Task to carry out: Reading the records below, find how many lines include the word "shows" and give that number alone.

Data provided:

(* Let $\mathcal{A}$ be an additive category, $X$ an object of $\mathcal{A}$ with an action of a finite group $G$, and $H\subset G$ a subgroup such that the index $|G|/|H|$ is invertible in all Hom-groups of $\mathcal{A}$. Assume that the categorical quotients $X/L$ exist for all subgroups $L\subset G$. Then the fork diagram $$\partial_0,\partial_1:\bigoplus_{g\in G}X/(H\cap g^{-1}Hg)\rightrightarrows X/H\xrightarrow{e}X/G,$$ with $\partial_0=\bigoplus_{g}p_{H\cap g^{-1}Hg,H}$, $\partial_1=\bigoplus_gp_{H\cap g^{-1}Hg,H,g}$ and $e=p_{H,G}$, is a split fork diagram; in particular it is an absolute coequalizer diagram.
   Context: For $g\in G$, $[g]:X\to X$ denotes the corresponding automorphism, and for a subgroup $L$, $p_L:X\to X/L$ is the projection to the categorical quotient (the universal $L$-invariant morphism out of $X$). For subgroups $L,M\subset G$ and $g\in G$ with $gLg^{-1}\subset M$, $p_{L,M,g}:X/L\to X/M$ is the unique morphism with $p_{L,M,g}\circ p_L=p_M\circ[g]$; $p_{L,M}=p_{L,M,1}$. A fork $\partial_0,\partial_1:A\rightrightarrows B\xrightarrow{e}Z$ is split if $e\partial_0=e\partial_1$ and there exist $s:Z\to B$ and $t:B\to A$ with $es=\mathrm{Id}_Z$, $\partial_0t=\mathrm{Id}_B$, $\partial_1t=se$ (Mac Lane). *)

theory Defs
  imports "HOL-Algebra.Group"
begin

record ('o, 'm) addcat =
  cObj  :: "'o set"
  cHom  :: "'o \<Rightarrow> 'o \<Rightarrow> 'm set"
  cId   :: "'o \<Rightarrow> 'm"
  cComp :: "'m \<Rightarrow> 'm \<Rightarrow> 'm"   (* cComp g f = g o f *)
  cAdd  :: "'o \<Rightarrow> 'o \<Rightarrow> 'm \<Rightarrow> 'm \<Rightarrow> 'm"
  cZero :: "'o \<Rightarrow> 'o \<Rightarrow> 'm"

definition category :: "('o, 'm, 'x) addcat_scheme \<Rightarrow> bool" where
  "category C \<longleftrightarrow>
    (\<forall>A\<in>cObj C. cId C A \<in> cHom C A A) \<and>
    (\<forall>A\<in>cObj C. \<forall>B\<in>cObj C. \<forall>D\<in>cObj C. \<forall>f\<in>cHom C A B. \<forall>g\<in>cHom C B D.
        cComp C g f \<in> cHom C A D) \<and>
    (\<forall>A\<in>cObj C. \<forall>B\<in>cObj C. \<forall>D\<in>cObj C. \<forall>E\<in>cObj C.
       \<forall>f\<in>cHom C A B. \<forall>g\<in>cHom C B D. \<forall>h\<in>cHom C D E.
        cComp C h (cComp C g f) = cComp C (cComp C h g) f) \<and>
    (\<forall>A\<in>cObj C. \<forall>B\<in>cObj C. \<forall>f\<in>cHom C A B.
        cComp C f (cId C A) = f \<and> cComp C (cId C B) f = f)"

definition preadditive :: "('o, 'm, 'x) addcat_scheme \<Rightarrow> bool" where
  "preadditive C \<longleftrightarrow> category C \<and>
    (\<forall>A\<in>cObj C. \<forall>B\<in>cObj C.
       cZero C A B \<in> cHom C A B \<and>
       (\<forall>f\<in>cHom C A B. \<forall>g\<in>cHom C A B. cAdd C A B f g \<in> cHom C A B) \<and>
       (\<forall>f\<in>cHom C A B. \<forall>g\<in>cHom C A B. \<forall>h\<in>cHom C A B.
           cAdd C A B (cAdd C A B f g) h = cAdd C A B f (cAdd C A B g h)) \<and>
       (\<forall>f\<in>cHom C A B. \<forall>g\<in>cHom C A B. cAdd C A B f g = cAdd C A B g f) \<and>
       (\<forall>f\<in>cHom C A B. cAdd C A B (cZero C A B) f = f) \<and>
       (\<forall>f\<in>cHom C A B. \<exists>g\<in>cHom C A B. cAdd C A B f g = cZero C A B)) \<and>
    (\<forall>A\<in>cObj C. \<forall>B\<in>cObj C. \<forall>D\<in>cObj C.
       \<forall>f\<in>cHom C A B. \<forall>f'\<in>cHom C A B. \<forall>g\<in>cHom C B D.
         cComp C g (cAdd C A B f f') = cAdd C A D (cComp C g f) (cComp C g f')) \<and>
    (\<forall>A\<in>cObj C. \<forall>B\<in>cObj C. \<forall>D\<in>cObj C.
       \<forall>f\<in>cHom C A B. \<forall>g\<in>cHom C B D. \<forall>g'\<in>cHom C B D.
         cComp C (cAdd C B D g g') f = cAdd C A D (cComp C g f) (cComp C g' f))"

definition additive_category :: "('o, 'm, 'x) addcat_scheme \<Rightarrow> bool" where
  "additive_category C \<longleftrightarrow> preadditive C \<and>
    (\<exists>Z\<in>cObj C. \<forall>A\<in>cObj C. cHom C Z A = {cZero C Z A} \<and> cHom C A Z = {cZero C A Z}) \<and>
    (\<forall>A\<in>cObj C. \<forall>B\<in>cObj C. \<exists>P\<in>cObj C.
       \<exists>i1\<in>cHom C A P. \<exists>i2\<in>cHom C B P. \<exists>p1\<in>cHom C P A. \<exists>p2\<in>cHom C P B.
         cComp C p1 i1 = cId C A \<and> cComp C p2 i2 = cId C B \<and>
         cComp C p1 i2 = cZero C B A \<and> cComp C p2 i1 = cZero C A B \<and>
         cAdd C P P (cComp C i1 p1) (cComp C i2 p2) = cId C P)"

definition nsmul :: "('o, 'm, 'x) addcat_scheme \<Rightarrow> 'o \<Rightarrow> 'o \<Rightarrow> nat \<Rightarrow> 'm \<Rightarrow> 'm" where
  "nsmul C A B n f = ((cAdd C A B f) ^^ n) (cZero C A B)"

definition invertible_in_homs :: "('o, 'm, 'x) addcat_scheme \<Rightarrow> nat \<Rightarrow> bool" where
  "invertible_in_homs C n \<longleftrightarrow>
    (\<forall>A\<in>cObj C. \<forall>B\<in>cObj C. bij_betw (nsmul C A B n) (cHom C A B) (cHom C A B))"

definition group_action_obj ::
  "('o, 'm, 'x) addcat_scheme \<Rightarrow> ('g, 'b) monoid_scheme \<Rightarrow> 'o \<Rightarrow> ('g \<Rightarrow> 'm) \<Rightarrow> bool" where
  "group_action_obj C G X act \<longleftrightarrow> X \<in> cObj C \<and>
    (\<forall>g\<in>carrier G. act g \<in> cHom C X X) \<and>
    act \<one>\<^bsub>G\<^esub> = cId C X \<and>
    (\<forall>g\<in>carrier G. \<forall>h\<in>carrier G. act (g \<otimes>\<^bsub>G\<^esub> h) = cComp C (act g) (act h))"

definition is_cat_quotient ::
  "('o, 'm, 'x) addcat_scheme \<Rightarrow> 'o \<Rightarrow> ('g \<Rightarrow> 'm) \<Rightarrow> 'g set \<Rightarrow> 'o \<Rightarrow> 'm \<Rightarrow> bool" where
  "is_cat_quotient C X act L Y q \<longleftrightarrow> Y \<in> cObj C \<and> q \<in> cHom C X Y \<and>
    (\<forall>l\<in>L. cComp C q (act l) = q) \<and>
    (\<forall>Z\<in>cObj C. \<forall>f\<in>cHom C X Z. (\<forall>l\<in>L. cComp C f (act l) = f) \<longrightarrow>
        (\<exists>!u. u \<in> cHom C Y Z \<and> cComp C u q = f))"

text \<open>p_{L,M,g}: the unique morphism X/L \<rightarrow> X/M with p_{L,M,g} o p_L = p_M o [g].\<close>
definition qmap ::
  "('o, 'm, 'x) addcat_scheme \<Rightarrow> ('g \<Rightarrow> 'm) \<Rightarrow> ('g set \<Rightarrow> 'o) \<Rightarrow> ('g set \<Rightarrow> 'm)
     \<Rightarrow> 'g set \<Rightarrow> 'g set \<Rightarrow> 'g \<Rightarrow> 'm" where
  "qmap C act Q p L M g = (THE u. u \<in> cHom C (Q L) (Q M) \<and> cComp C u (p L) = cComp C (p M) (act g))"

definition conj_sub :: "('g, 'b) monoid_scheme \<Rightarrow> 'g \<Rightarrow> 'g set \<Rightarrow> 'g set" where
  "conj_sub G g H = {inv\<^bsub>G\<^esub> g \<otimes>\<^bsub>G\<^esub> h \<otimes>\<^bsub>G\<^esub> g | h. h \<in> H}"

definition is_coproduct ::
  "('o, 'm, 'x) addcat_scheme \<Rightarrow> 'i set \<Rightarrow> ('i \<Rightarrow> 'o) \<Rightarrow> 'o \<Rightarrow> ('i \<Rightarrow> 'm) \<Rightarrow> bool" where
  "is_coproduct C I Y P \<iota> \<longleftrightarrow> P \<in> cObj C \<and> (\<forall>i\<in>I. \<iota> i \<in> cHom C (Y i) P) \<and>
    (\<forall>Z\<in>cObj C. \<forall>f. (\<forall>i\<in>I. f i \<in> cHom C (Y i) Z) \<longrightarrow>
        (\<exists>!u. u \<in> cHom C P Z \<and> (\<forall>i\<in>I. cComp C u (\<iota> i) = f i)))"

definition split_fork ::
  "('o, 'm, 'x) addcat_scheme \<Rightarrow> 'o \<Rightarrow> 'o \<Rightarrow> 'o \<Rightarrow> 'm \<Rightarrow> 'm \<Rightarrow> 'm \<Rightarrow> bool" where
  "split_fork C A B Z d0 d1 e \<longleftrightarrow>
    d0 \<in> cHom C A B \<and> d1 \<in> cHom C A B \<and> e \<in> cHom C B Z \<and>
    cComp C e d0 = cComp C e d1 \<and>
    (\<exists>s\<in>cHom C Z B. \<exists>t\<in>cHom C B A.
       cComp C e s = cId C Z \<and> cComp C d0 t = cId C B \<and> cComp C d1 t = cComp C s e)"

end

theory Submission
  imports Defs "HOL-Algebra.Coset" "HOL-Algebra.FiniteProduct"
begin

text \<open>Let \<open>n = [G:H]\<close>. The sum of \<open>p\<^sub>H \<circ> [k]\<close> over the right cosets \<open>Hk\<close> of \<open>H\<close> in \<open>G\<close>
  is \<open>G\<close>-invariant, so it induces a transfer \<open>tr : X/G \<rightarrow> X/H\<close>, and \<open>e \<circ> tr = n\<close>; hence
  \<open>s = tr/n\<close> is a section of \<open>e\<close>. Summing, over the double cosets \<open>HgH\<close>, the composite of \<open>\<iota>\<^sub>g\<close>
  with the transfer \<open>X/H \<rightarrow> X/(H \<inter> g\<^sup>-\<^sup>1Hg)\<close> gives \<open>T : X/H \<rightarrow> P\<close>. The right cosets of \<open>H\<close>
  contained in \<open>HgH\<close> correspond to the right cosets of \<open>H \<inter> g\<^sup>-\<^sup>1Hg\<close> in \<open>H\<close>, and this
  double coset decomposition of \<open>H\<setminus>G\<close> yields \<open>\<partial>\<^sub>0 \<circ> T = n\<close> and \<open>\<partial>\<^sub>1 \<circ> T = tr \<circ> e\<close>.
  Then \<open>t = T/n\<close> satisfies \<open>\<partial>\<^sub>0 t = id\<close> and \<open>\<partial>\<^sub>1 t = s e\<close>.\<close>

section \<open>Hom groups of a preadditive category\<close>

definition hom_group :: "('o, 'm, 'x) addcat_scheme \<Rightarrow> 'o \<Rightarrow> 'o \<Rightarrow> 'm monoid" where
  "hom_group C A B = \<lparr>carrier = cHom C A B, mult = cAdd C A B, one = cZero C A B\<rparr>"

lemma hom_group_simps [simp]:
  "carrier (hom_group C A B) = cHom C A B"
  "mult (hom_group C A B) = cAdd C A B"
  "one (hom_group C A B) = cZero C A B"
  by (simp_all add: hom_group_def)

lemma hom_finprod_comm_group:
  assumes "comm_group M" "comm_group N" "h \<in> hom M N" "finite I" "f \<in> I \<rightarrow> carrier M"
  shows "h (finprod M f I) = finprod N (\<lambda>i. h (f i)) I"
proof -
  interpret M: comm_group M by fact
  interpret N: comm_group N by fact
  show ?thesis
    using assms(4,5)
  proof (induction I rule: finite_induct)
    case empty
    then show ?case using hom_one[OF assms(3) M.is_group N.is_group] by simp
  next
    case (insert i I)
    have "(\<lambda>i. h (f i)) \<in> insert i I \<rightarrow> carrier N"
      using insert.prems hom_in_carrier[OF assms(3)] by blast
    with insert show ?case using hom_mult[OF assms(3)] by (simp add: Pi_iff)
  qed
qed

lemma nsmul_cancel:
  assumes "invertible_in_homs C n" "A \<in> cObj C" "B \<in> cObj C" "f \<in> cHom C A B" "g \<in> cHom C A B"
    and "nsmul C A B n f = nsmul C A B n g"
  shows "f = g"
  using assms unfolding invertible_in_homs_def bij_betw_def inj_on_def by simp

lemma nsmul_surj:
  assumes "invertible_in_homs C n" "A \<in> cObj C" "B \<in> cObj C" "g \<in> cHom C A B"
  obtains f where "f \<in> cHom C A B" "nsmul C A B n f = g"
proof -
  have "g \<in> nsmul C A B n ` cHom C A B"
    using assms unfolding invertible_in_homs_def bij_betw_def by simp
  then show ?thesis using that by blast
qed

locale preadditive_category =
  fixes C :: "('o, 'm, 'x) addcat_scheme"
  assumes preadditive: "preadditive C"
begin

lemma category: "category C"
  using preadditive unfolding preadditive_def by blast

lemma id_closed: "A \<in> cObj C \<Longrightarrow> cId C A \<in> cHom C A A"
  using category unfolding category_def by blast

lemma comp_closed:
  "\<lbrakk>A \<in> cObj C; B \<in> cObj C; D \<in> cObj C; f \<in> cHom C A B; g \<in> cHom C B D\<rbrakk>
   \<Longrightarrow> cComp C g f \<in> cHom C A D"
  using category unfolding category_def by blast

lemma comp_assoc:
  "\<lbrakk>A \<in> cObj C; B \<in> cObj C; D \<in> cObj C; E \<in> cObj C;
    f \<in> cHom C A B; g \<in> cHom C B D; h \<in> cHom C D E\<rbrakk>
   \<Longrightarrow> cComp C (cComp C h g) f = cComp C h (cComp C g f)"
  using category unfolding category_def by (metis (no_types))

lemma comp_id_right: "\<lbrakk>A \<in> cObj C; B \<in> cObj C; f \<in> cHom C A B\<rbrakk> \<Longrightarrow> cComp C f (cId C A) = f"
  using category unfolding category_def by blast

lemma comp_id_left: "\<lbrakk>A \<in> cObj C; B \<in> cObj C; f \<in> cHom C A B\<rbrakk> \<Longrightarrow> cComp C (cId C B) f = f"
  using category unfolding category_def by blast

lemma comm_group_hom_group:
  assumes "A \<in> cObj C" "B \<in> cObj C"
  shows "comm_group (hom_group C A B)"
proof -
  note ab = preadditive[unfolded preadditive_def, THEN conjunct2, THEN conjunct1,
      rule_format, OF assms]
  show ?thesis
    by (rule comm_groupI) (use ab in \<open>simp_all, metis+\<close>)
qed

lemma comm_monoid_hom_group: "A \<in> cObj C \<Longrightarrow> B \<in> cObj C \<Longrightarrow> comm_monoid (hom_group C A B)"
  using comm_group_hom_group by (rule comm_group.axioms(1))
* * *
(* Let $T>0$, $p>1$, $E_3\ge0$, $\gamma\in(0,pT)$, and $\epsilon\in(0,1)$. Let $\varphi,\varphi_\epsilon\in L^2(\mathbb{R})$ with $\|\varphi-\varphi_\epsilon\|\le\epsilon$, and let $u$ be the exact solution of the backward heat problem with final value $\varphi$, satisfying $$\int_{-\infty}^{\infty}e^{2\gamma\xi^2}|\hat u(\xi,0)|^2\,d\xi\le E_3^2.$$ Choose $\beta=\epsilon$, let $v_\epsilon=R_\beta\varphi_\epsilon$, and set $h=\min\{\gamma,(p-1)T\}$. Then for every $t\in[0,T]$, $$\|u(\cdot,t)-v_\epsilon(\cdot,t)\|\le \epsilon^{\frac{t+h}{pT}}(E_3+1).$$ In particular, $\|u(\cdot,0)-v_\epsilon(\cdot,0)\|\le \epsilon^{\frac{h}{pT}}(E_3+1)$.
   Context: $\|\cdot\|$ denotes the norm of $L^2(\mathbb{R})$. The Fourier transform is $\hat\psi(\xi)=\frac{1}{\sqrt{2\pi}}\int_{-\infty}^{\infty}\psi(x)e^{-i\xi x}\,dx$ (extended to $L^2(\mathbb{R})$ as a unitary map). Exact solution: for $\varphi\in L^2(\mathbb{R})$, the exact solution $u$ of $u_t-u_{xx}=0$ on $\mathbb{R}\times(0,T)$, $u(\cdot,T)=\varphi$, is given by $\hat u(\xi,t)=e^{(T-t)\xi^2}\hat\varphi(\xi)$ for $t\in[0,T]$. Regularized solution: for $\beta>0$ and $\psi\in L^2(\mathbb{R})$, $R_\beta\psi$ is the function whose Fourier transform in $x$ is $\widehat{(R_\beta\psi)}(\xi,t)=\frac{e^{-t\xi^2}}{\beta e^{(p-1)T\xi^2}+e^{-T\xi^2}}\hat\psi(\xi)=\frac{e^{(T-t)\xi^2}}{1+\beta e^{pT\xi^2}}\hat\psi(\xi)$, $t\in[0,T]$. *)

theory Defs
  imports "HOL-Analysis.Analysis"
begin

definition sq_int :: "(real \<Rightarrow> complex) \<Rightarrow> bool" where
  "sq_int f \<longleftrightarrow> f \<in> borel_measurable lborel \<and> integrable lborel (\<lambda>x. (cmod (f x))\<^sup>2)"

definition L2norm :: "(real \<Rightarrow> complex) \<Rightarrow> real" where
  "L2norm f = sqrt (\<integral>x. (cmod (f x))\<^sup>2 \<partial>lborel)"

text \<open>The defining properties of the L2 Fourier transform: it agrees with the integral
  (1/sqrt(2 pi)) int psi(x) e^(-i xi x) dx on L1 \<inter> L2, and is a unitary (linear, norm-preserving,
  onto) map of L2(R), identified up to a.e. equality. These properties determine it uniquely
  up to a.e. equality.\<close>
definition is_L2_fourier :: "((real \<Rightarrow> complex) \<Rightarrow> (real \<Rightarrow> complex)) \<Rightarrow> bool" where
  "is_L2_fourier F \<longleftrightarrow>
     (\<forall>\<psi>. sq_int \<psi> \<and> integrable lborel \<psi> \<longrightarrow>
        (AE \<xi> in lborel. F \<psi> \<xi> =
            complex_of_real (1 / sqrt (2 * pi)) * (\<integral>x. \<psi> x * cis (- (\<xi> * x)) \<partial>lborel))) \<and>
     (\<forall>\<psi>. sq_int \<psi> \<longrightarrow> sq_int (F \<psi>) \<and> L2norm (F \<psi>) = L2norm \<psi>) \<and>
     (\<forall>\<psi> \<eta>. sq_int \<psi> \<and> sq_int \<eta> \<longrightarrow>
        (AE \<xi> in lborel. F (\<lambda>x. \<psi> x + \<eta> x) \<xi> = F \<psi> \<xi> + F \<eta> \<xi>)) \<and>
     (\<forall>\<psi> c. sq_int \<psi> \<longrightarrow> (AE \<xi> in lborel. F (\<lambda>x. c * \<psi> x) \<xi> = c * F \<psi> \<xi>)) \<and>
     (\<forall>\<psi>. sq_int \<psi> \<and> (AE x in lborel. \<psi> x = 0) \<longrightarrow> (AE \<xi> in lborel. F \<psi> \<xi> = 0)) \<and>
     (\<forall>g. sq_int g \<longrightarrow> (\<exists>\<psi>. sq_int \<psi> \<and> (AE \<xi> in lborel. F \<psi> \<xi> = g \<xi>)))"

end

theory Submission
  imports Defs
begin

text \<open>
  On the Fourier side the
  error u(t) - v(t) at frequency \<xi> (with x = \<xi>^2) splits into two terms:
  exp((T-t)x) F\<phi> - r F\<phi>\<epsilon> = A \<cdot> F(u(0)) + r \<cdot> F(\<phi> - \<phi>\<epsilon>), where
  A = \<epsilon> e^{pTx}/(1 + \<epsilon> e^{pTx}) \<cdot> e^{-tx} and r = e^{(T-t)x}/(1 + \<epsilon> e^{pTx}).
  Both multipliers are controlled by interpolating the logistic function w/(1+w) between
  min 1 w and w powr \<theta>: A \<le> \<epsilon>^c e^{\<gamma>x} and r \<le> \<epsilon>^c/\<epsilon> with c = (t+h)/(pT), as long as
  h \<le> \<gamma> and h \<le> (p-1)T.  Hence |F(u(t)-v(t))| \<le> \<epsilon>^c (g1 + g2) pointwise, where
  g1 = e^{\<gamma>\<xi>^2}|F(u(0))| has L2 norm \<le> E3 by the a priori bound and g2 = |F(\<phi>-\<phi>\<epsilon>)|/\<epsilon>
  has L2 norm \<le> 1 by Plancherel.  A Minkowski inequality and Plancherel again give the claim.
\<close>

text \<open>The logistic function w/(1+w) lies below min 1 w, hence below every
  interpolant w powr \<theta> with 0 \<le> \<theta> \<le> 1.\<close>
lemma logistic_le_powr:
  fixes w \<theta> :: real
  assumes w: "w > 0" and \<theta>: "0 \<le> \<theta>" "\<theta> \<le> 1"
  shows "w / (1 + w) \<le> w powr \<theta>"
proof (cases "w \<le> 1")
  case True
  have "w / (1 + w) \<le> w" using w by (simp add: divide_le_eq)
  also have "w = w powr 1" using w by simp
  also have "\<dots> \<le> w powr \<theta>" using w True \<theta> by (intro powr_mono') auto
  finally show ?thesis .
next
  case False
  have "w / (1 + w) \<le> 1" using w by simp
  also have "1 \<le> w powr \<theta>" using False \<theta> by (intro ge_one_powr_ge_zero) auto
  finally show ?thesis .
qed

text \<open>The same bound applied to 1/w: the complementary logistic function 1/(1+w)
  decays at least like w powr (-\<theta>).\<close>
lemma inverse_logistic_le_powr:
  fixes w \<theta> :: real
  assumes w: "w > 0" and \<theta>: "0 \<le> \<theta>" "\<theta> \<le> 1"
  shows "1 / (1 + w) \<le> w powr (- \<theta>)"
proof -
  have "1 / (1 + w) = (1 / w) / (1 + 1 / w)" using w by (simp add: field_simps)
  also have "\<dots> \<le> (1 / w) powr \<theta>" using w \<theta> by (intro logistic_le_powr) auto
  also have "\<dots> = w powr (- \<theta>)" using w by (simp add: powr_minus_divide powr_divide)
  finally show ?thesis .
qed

Answer area: 5